На этом основании и для преподавателя закона Божия необходимо вникнуть в те положения, которые вырабатываются новой отраслью знания, и которые могут оказать пользу делу лучшей постановки преподавания закона Божия.

Среди так называемой большой публики существует предрассудок о противоречии между верой и наукой и о бесплодности преподавания религии и основанной на ней нравственности с чисто научной точки зрения. Это предубеждение интеллигенции основано на поверхностном знакомстве большинства обывателей с действительной наукой. Специальные исследования по различным отраслям знания публике неизвестны, и она довольствуется брошюрами популяризаторов знания, бьющих на сенсацию и мало заботящихся об истине. Даже специальные педагогические журналы чураются помещения на своих страницах статей о лучшей постановке преподавания закона Божия, из опасения прослыть отсталыми. Поэтому рассмотрение сочинений признанных деятелей нового направления в педагогике всего определеннее может указать значение закона Божия в школе и в жизни на основании опыта и психофизического изучения детской природы. Мы постараемся говорить о намеченном предмете собственными словами авторов педагогических сочинений, отмечая отдельно свои соображения и пояснения по поводу приводимых мыслей деятелей нового направления.

В основу настоящего обзора положены следующие труды по педагогике и психологии.

1. В. А. Лай «Экспериментальная дидактика» пер. под ред. Нечаева. 1906

2. Его же «Экспериментальная педагогика» Пер. Воскресенской. Изд. второе.

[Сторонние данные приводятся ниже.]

(* If there exists a projective plane of order $s\ge2$ (equivalently a Steiner system $S(2,s+1,s^2+s+1)$), then $q''_0(2,s+1,s^2+s+1)=s^2+1$; that is, the smallest $q$ for which there exists an $(s^2+s+1,\,s^2,\,s^2+s)_q$ code of size $s^2+s+1$ is $s^2+1$.
   Context: $\mathbb{Z}_q=\{0,\dots,q-1\}$ (an alphabet); $\mathrm{wt}$ = number of nonzero coordinates; $d$ = Hamming distance; $J_q(n,w)$ = weight-$w$ words of $\mathbb{Z}_q^n$. An $(n,w,d)_q$ code of size $M$ is a subset $C\subseteq J_q(n,w)$ with $|C|=M$ and pairwise distances at least $d$. A Steiner system $S(t,k,n)$ is a pair $(N,B)$, $|N|=n$, $B$ a set of $k$-subsets (blocks) with every $t$-subset in exactly one block. For $t,k,n$ such that an $S(t,k,n)$ exists, $q''_0(t,k,n)$ is the smallest $q$ for which an $(n,n-k,n-t+1)_q$ code of size $\binom{n}{t}/\binom{k}{t}$ exists. *)

theory Defs
  imports Main
begin

text \<open>Words of length n over Z_q = {0..q-1}, represented as functions nat => nat
  supported on {0..<n}.\<close>
definition words :: "nat \<Rightarrow> nat \<Rightarrow> (nat \<Rightarrow> nat) set" where
  "words q n = {x. (\<forall>i<n. x i < q) \<and> (\<forall>i\<ge>n. x i = 0)}"

definition wt :: "nat \<Rightarrow> (nat \<Rightarrow> nat) \<Rightarrow> nat" where
  "wt n x = card {i. i < n \<and> x i \<noteq> 0}"

definition hdist :: "nat \<Rightarrow> (nat \<Rightarrow> nat) \<Rightarrow> (nat \<Rightarrow> nat) \<Rightarrow> nat" where
  "hdist n x y = card {i. i < n \<and> x i \<noteq> y i}"

definition is_code :: "nat \<Rightarrow> nat \<Rightarrow> nat \<Rightarrow> nat \<Rightarrow> nat \<Rightarrow> (nat \<Rightarrow> nat) set \<Rightarrow> bool" where
  "is_code q n w d M C \<longleftrightarrow>
     C \<subseteq> words q n \<and> (\<forall>x\<in>C. wt n x = w) \<and> finite C \<and> card C = M \<and>
     (\<forall>x\<in>C. \<forall>y\<in>C. x \<noteq> y \<longrightarrow> hdist n x y \<ge> d)"

definition steiner_system :: "nat \<Rightarrow> nat \<Rightarrow> nat \<Rightarrow> 'a set \<Rightarrow> 'a set set \<Rightarrow> bool" where
  "steiner_system t k n N B \<longleftrightarrow>
     finite N \<and> card N = n \<and>
     (\<forall>b\<in>B. b \<subseteq> N \<and> card b = k) \<and>
     (\<forall>T. T \<subseteq> N \<and> card T = t \<longrightarrow> (\<exists>!b. b \<in> B \<and> T \<subseteq> b))"

definition q0'' :: "nat \<Rightarrow> nat \<Rightarrow> nat \<Rightarrow> nat" where
  "q0'' t k n = (LEAST q. \<exists>C. is_code q n (n - k) (n - t + 1) ((n choose t) div (k choose t)) C)"

end

theory Submission
  imports Defs
begin

text \<open>
  Upper bound: identify the points of the projective plane with the coordinates 0, ..., n - 1,
  where n = s^2 + s + 1. For each point p number the s^2 lines missing p by 1, ..., s^2; the codeword
  of a line b is 0 on b and carries the number of b at every point off b. Two codewords can only
  agree at a point on both lines, hence in at most one coordinate.

  Lower bound: distance s^2 + s = n - 1 means that two codewords agree in at most one coordinate,
  so the numbers P_i of ordered pairs of distinct codewords agreeing at coordinate i sum to at most
  n (n - 1). If z_i codewords vanish at i, then sum z_i = n (s + 1), P_i >= z_i (z_i - 1), and
  z_i (z_i - 1) + (s + 1)^2 - (2 s + 1) z_i = (z_i - s - 1)^2. Hence P_i + (s + 1)^2 > (2 s + 1) z_i
  unless z_i = s + 1; in that case, if q <= s^2, the s^2 nonzero entries at i take fewer than s^2
  values, and a collision yields two more agreeing pairs. Summing over i contradicts
  sum P_i <= n (n - 1).
\<close>

lemma card_lessThan_filter_add_not:
  "card {i. i < n \<and> P i} + card {i. i < n \<and> \<not> P i} = n"
proof -
  have "card ({i. i < n \<and> P i} \<union> {i. i < n \<and> \<not> P i}) = card {i. i < n \<and> P i} + card {i. i < n \<and> \<not> P i}"
    by (rule card_Un_disjoint) auto
  moreover have "{i. i < n \<and> P i} \<union> {i. i < n \<and> \<not> P i} = {..<n}"
    by auto
  ultimately show ?thesis
    by simp
qed

lemma card_agreements_add_hdist: "card {i. i < n \<and> x i = y i} + hdist n x y = n"
  unfolding hdist_def by (rule card_lessThan_filter_add_not)

lemma card_zeros_add_wt: "card {i. i < n \<and> x i = 0} + wt n x = n"
  unfolding wt_def by (rule card_lessThan_filter_add_not)

lemma is_code_card_agreements_le_one:
  assumes "is_code q n w (n - 1) M C" and "x \<in> C" and "y \<in> C" and "x \<noteq> y"
  shows "card {i. i < n \<and> x i = y i} \<le> 1"
  using assms card_agreements_add_hdist[of n x y] unfolding is_code_def by fastforce

subsection \<open>Lower bound on the alphabet size\<close>

definition agreeing_pairs :: "(nat \<Rightarrow> nat) set \<Rightarrow> nat \<Rightarrow> ((nat \<Rightarrow> nat) \<times> (nat \<Rightarrow> nat)) set" where
  "agreeing_pairs C i = {(x, y) \<in> C \<times> C. x \<noteq> y \<and> x i = y i}"

lemma sum_card_agreeing_pairs_le:
  assumes "finite C"
    and "\<And>x y. x \<in> C \<Longrightarrow> y \<in> C \<Longrightarrow> x \<noteq> y \<Longrightarrow> card {i. i < n \<and> x i = y i} \<le> 1"
  shows "(\<Sum>i<n. card (agreeing_pairs C i)) \<le> card C * (card C - 1)"
proof -
  define D where "D = Sigma C (\<lambda>x. C - {x})"
  have "finite D"
    using assms(1) by (simp add: D_def)
  have "agreeing_pairs C i = {p \<in> D. fst p i = snd p i}" for i
    by (auto simp: agreeing_pairs_def D_def)
  then have "(\<Sum>i<n. card (agreeing_pairs C i)) = (\<Sum>i<n. card {p \<in> D. fst p i = snd p i})"
    by simp
  also have "\<dots> = (\<Sum>p\<in>D. card {i \<in> {..<n}. fst p i = snd p i})"
    using sum.swap_restrict[of "{..<n}" D "\<lambda>_ _. 1::nat" "\<lambda>i p. fst p i = snd p i"] \<open>finite D\<close>
    by simp
  also have "\<dots> \<le> (\<Sum>p\<in>D. 1)"
  proof (intro sum_mono)
    fix p assume "p \<in> D"
    then obtain x y where "p = (x, y)" "x \<in> C" "y \<in> C" "x \<noteq> y"
      by (auto simp: D_def)
    then show "card {i \<in> {..<n}. fst p i = snd p i} \<le> 1"
      using assms(2) by simp
  qed
  also have "\<dots> = card C * (card C - 1)"
    using assms(1) by (simp add: D_def)
  finally show ?thesis .
qed

lemma sum_card_zeros:
  assumes "finite C" and "\<And>x. x \<in> C \<Longrightarrow> wt n x = w"
  shows "(\<Sum>i<n. card {x \<in> C. x i = 0}) = (n - w) * card C"
proof -
  have "card {i \<in> {..<n}. x i = 0} = n - w" if "x \<in> C" for x
    using card_zeros_add_wt[of n x] assms(2)[OF that] by simp
  then show ?thesis
    using sum_multicount[of "{..<n}" C "\<lambda>i x. x i = 0" "n - w"] assms(1) by simp
qed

3. Проф. Эрнст Мейман «Лекции по экспериментальной педагогике» Т. 1, 2 и 3. Изд. Т-ва Мир

4. Нечаев А. «Очерк психологии для учителей и воспитателей» Ч. 1, изд. 1903

5. Его же. «Очерк психологии для учителей и воспитателей» Ч. 2. Изд. 1908г.

6. Проф. И. А. Сикорский. «Душа ребенка» Изд. 1909

7. Его же. «Памятная книжка для студенток Киевского Фребелевского педагогического института» Изд. 1908

8. Георг Кершенштейнер «Основные вопросы школьной организации» Изд. Сытина, 1911

9. Наторп «Культура народа и культура личности» Пер. Рубингатейна. Изд. 1912

10. Эллен Кей. «Век ребенка» Пер. Залога и Шахно. Изд. 1906.

11. В. Б. Друммонд. «Дитя, его природа и воспитание» Изд. Век 1902

12. Ши. «Роль активности в жизни ребенка» Пер. под ред. Виноградова.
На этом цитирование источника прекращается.